Scraping should be about extracting content from HTML. Sounds simple. Sometimes it is not. It has many obstacles. The first one is to obtain the said HTML.
You can open a browser, go to a URL, and it's there. Dead simple. We're done. ๐ฉโ๐ป
If you don't need a bigger scale, that's it; you're done. But bear with us if that's not the case and you want to learn how to scrape thousand of URLs without blocking.
Websites tend to protect their data and access. There are many possible actions a defensive system could take. We'll start a journey through some of them and learn how to avoid or mitigate their impact.
Note: when testing at scale, never use your home IP directly. A small mistake or slip and you will get banned.
Prerequisites
For the code to work, you will need python3 installed . Some systems have it pre-installed. After that, install all the necessary libraries by running pip install
.
pip install requests beautifulsoup4 pandas
IP Rate Limit
The most basic security system is to ban or throttle requests from the same IP. It means that a regular user would not request a hundred pages in a few seconds, so they proceed to tag that connection as dangerous.
import requests
response = requests.get('http://httpbin.org/ip')
print(response.json()['origin']) # xyz.84.7.83
IP rate limits work similar to API rate limits, but there is usually no public information about them.
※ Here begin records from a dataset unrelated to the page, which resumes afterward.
(* For every positively weighted finite graph $(G,w)$, every vertex $v$ of $G$ and every natural number $r\ge 1$, $$\lambda_1(G(v,r),w)\ge \lambda_1(\widetilde{G}(v,r),w).$$
   Context: A weighted graph $(G,w)$ is a simple graph with $w\colon E(G)\to\mathbb{R}^+$; subgraphs inherit the restricted weight. The ball $G(v,r)$ is the subgraph of $G$ induced on the vertices at distance at most $r$ from $v$. A non-backtracking walk is a walk $(v_0,v_1,\dots)$ with $v_i\ne v_{i+2}$ for all $i$. The unraveled ball $\widetilde{G}(v,r)$ is the graph whose vertices are the non-backtracking walks in $G$ of length at most $r$ starting at $v$, two walks adjacent iff one is a one-step extension of the other, with the edge between $(v_0,\dots,v_{i-1})$ and $(v_0,\dots,v_i)$ weighted $w(v_{i-1}v_i)$. $\lambda_1(H,w)$ denotes the spectral radius of the weighted adjacency matrix of $(H,w)$ (entry $w(uv)$ if $uv$ is an edge, $0$ otherwise). *)

theory Defs
  imports Complex_Main
begin

definition weighted_graph :: "'v set \<Rightarrow> 'v set set \<Rightarrow> ('v set \<Rightarrow> real) \<Rightarrow> bool" where
  "weighted_graph V E w \<longleftrightarrow>
     (\<forall>e\<in>E. \<exists>x y. x \<in> V \<and> y \<in> V \<and> x \<noteq> y \<and> e = {x, y}) \<and> (\<forall>e\<in>E. w e > 0)"

definition wadj :: "'v set set \<Rightarrow> ('v set \<Rightarrow> real) \<Rightarrow> 'v \<Rightarrow> 'v \<Rightarrow> real" where
  "wadj E w u x = (if {u, x} \<in> E then w {u, x} else 0)"

definition wadj_eigenvalue :: "'v set \<Rightarrow> 'v set set \<Rightarrow> ('v set \<Rightarrow> real) \<Rightarrow> complex \<Rightarrow> bool" where
  "wadj_eigenvalue V E w \<mu> \<longleftrightarrow>
     (\<exists>f :: 'v \<Rightarrow> complex. (\<exists>x\<in>V. f x \<noteq> 0) \<and>
        (\<forall>u\<in>V. (\<Sum>x\<in>V. complex_of_real (wadj E w u x) * f x) = \<mu> * f u))"

definition lambda1 :: "'v set \<Rightarrow> 'v set set \<Rightarrow> ('v set \<Rightarrow> real) \<Rightarrow> real" where
  "lambda1 V E w = Sup (cmod ` {\<mu>. wadj_eigenvalue V E w \<mu>})"

text \<open>Walks as nonempty vertex lists; a walk of length k has k+1 entries.\<close>
definition is_walk :: "'v set set \<Rightarrow> 'v list \<Rightarrow> bool" where
  "is_walk E xs \<longleftrightarrow> xs \<noteq> [] \<and> (\<forall>i. Suc i < length xs \<longrightarrow> {xs ! i, xs ! Suc i} \<in> E)"
lemma square_in_Lset:
  assumes "m = 1 \<or> even m"
  shows "square m \<in> Lset (5 * m) (2 * (5 * m) - 2)"
proof (rule LsetI)
  show "\<exists>v \<in> {1..2 * (5 * m) - 2}. square m (x, y) = Some v" if "x < 5 * m" "y < 5 * m" for x y
    using square_colour_range[OF assms that] that by (simp add: square_def)
  show "square m z = None" if "z \<notin> cells (5 * m)" for z
    using that by (cases z) (auto simp: square_def cells_def)
qed (use square_colour_row_distinct[OF assms] square_colour_col_distinct[OF assms] in \<open>simp_all add: square_def\<close>)

lemma mod_add_complement: "(a::nat) < 5 \<Longrightarrow> s < 5 \<Longrightarrow> (a + (s + 5 - a) mod 5) mod 5 = s"
proof -
  assume "a < 5" "s < 5"
  then have "a + (s + 5 - a) = s + 5" by simp
  then show ?thesis using \<open>s < 5\<close> by (metis mod_add_right_eq mod_add_self2 mod_less)
qed

context
  fixes m :: nat and c' :: "nat \<times> nat \<rightharpoonup> nat"
  assumes factorizable: "m = 1 \<or> even m"
    and completion: "c' \<in> Lset (5 * m) (2 * (5 * m) - 2)"
    and extends_clue: "clue m \<subseteq>\<^sub>m c'"
begin

lemma completion_off_holes:
  assumes "x < 5 * m" "y < 5 * m" "(x, y) \<notin> holes m"
  shows "c' (x, y) = Some (square_colour m x y)"
proof -
  have "clue m (x, y) = Some (square_colour m x y)" using assms by (simp add: clue_def square_def)
  then show ?thesis using extends_clue by (metis domI map_le_def)
qed

lemma completion_diagonal_block_le_8:
  assumes I: "I < m" and ab: "a < 5" "b < 5"
  shows "the (c' (5 * I + a, 5 * I + b)) \<le> 8"
proof (rule ccontr)
  define t where "t = the (c' (5 * I + a, 5 * I + b))"
  assume "\<not> ?thesis"
  then have "9 \<le> t" by (simp add: t_def)
  have cell: "c' (5 * I + a, 5 * I + b) = Some t" "t \<le> 2 * (5 * m) - 2"
    using Lset_value[OF completion, of "5 * I + a" "5 * I + b"] block_cell[OF I ab(1)] block_cell[OF I ab(2)]
    by (auto simp: t_def)
  then have "1 < m" using \<open>9 \<le> t\<close> by linarith
  then have "even m" using factorizable by auto
  define g s where "g = (t - 9) div 5" and "s = (t - 9) mod 5"
  have t: "t = 9 + 5 * g + s" and "s < 5" using \<open>9 \<le> t\<close> by (simp_all add: g_def s_def)
  have "g < 2 * (m - 1)" using cell(2) t \<open>1 < m\<close> by linarith
  \<comment> \<open>colour t already occurs in an off-diagonal block of row 5 I + a or of column 5 I + b\<close>
  then obtain J where J: "J < m" "J \<noteq> I" "arc_label m I J = g \<or> arc_label m J I = g"
    using arc_label_surj[OF \<open>even m\<close> I] by blast
  then consider "arc_label m I J = g" | "arc_label m J I = g" by blast
  then show False
  proof cases
    case 1
    define b' where "b' = (s + 5 - a) mod 5"
    have "b' < 5" by (simp add: b'_def)
    have "(5 * I + a, 5 * J + b') \<notin> holes m"
      using block_cell[OF I ab(1)] block_cell[OF J(1) \<open>b' < 5\<close>] J(2) by (simp add: holes_def)
    then have "c' (5 * I + a, 5 * J + b') = Some t"
      using completion_off_holes block_cell[OF I ab(1)] block_cell[OF J(1) \<open>b' < 5\<close>] J(2) 1 t
        mod_add_complement[OF ab(1) \<open>s < 5\<close>]
      by (simp add: square_colour_def b'_def)
    moreover have "5 * I + b \<noteq> 5 * J + b'"
      using block_cell[OF I ab(2)] block_cell[OF J(1) \<open>b' < 5\<close>] J(2) by metis
    ultimately show False
      using Lset_row_distinct[OF completion] block_cell[OF I] block_cell[OF J(1) \<open>b' < 5\<close>] ab cell(1) by metis
  next
    case 2
    define a' where "a' = (s + 5 - b) mod 5"
    have "a' < 5" by (simp add: a'_def)
    have "(5 * J + a', 5 * I + b) \<notin> holes m"
      using block_cell[OF I ab(2)] block_cell[OF J(1) \<open>a' < 5\<close>] J(2) by (simp add: holes_def)
    then have "c' (5 * J + a', 5 * I + b) = Some t"
      using completion_off_holes block_cell[OF I ab(2)] block_cell[OF J(1) \<open>a' < 5\<close>] J(2) 2 t
        mod_add_complement[OF ab(2) \<open>s < 5\<close>]
      by (simp add: square_colour_def a'_def add.commute)
    moreover have "5 * I + a \<noteq> 5 * J + a'"
      using block_cell[OF I ab(1)] block_cell[OF J(1) \<open>a' < 5\<close>] J(2) by metis
    ultimately show False
      using Lset_col_distinct[OF completion] block_cell[OF I] block_cell[OF J(1) \<open>a' < 5\<close>] ab cell(1) by metis
  qed
qed

lemma completion_diagonal_block:
  assumes I: "I < m" and "a < 5" "b < 5"
  shows "c' (5 * I + a, 5 * I + b) = Some (block_colour a b)"
proof -
  define w where "w a b = the (c' (5 * I + a, 5 * I + b))" for a b
  have cell: "c' (5 * I + a, 5 * I + b) = Some (w a b) \<and> 1 \<le> w a b" if "a < 5" "b < 5" for a b
    using Lset_value[OF completion, of "5 * I + a" "5 * I + b"] block_cell[OF I that(1)] block_cell[OF I that(2)]
    by (auto simp: w_def)
  have "w a b = block_colour a b"
  proof (rule block_colour_unique)
    show "w a b = block_colour a b" if "a < 5" "b < 5" "(a, b) \<notin> block_holes" for a b
      using completion_off_holes[of "5 * I + a" "5 * I + b"] cell[OF that(1,2)] block_cell[OF I that(1)]
        block_cell[OF I that(2)] that(3)
      by (simp add: holes_def square_colour_def)
    show "w a b \<in> {1..8}" if "a < 5" "b < 5" for a b
      using cell[OF that] completion_diagonal_block_le_8[OF I that] by (simp add: w_def)
    show "w a b \<noteq> w a b'" if "a < 5" "b < 5" "b' < 5" "b \<noteq> b'" for a b b'
      using Lset_row_distinct[OF completion, of "5 * I + a" "5 * I + b" "5 * I + b'"] cell that
        block_cell[OF I] by simp
    show "w a b \<noteq> w a' b" if "a < 5" "a' < 5" "b < 5" "a \<noteq> a'" for a a' b
      using Lset_col_distinct[OF completion, of "5 * I + a" "5 * I + a'" "5 * I + b"] cell that
        block_cell[OF I] by simp
  qed fact+
  then show ?thesis using cell \<open>a < 5\<close> \<open>b < 5\<close> by simp
qed

lemma completion_eq_square: "c' = square m"
proof
  fix z :: "nat \<times> nat"
  obtain x y where z: "z = (x, y)" by (cases z)
  show "c' z = square m z"
  proof (cases "x < 5 * m \<and> y < 5 * m")
    case False
    then show ?thesis using Lset_None[OF completion] by (auto simp: z cells_def square_def)
  next
    case True
    show ?thesis
    proof (cases "(x, y) \<in> holes m")
      case hole: True
      then have "y div 5 = x div 5" by (simp add: holes_def)
      then have "5 * (x div 5) + x mod 5 = x" "5 * (x div 5) + y mod 5 = y"
        using mult_div_mod_eq[of 5 x] mult_div_mod_eq[of 5 y] by simp_all
      moreover have "x div 5 < m" using True by auto
      ultimately have "c' (x, y) = Some (block_colour (x mod 5) (y mod 5))"
        using completion_diagonal_block[of "x div 5" "x mod 5" "y mod 5"] by simp
      then show ?thesis using True hole by (simp add: z square_def square_colour_def holes_def)
    next
      case False
      then show ?thesis using completion_off_holes True by (simp add: z square_def)
    qed
  qed
qed

end

lemma holes_eq_image: "holes m = (\<lambda>(I, a, b). (5 * I + a, 5 * I + b)) ` ({..<m} \<times> block_holes)"
proof
  show "holes m \<subseteq> (\<lambda>(I, a, b). (5 * I + a, 5 * I + b)) ` ({..<m} \<times> block_holes)"
  proof
    fix z assume "z \<in> holes m"
    then obtain x y where z: "z = (x, y)" "x < 5 * m" "y div 5 = x div 5" "(x mod 5, y mod 5) \<in> block_holes"
      by (cases z) (auto simp: holes_def)
    have "5 * (x div 5) + x mod 5 = x" "5 * (x div 5) + y mod 5 = y"
      using mult_div_mod_eq[of 5 x] mult_div_mod_eq[of 5 y] z(3) by simp_all
    moreover have "x div 5 < m" using z(2) by auto
    ultimately show "z \<in> (\<lambda>(I, a, b). (5 * I + a, 5 * I + b)) ` ({..<m} \<times> block_holes)"
      using z(1,4) by (intro image_eqI[where x = "(x div 5, x mod 5, y mod 5)"]) simp_all
  qed
  show "(\<lambda>(I, a, b). (5 * I + a, 5 * I + b)) ` ({..<m} \<times> block_holes) \<subseteq> holes m"
  proof (clarify)
    fix I a b assume "I < m" "(a, b) \<in> block_holes"
    moreover from this have "a < 5" "b < 5" by (auto simp: block_holes_def)
    ultimately show "(5 * I + a, 5 * I + b) \<in> holes m" using block_cell by (simp add: holes_def)
  qed
qed

lemma card_holes: "card (holes m) = 8 * m"
proof -
  have "inj_on (\<lambda>(I, a, b). (5 * I + a, 5 * I + b)) ({..<m} \<times> block_holes)"
  proof (rule inj_onI)
    fix p q assume p: "p \<in> {..<m} \<times> block_holes" and q: "q \<in> {..<m} \<times> block_holes"
      and eq: "(\<lambda>(I, a, b). (5 * I + a, 5 * I + b)) p = (\<lambda>(I, a, b). (5 * I + a, 5 * I + b)) q"
    obtain I a b I' a' b' where pq: "p = (I, a, b)" "q = (I', a', b')" by (cases p, cases q) auto
    then have "a < 5" "b < 5" "a' < 5" "b' < 5" using p q by (auto simp: block_holes_def)
    moreover have "(5 * I + a) div 5 = (5 * I' + a') div 5" "(5 * I + a) mod 5 = (5 * I' + a') mod 5"
      "(5 * I + b) mod 5 = (5 * I' + b') mod 5"
      using eq pq by simp_all
    ultimately have "I = I'" "a = a'" "b = b'" by simp_all
    then show "p = q" using pq by simp
  qed
  then show ?thesis
    by (simp add: holes_eq_image card_image card_cartesian_product card_block_holes)
qed

lemma dom_clue: "dom (clue m) = cells (5 * m) - holes m"
  by (auto simp: clue_def square_def cells_def split: if_splits)

lemma card_dom_clue: "card (dom (clue m)) = (5 * m) * (5 * m) - 8 * m"
proof -
  have sub: "holes m \<subseteq> cells (5 * m)" by (auto simp: holes_def cells_def)
  moreover have "finite (cells (5 * m))" by (simp add: cells_def)
  ultimately have "card (cells (5 * m) - holes m) = card (cells (5 * m)) - card (holes m)"
    by (meson card_Diff_subset finite_subset)
  then show ?thesis by (simp add: dom_clue card_cells card_holes)
qed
We cannot know for sure how many requests we can do safely.
Our Internet Service Provider assigns us our IP, and we cannot affect nor mask it. The solution is to change it. We cannot modify a machine's IP, but we can use different machines. Datacenters might have different IPs, although that is not a real solution.
Proxies are. They take an incoming request and relay it to the final destination. It does no processing there. But that is enough to mask our IP since the target website will see the proxies IP.
Rotating Proxies
There are Free Proxies even though we do not recommend them. They might work for testing but are not reliable. We can use some of those for testing, as we'll see in some examples.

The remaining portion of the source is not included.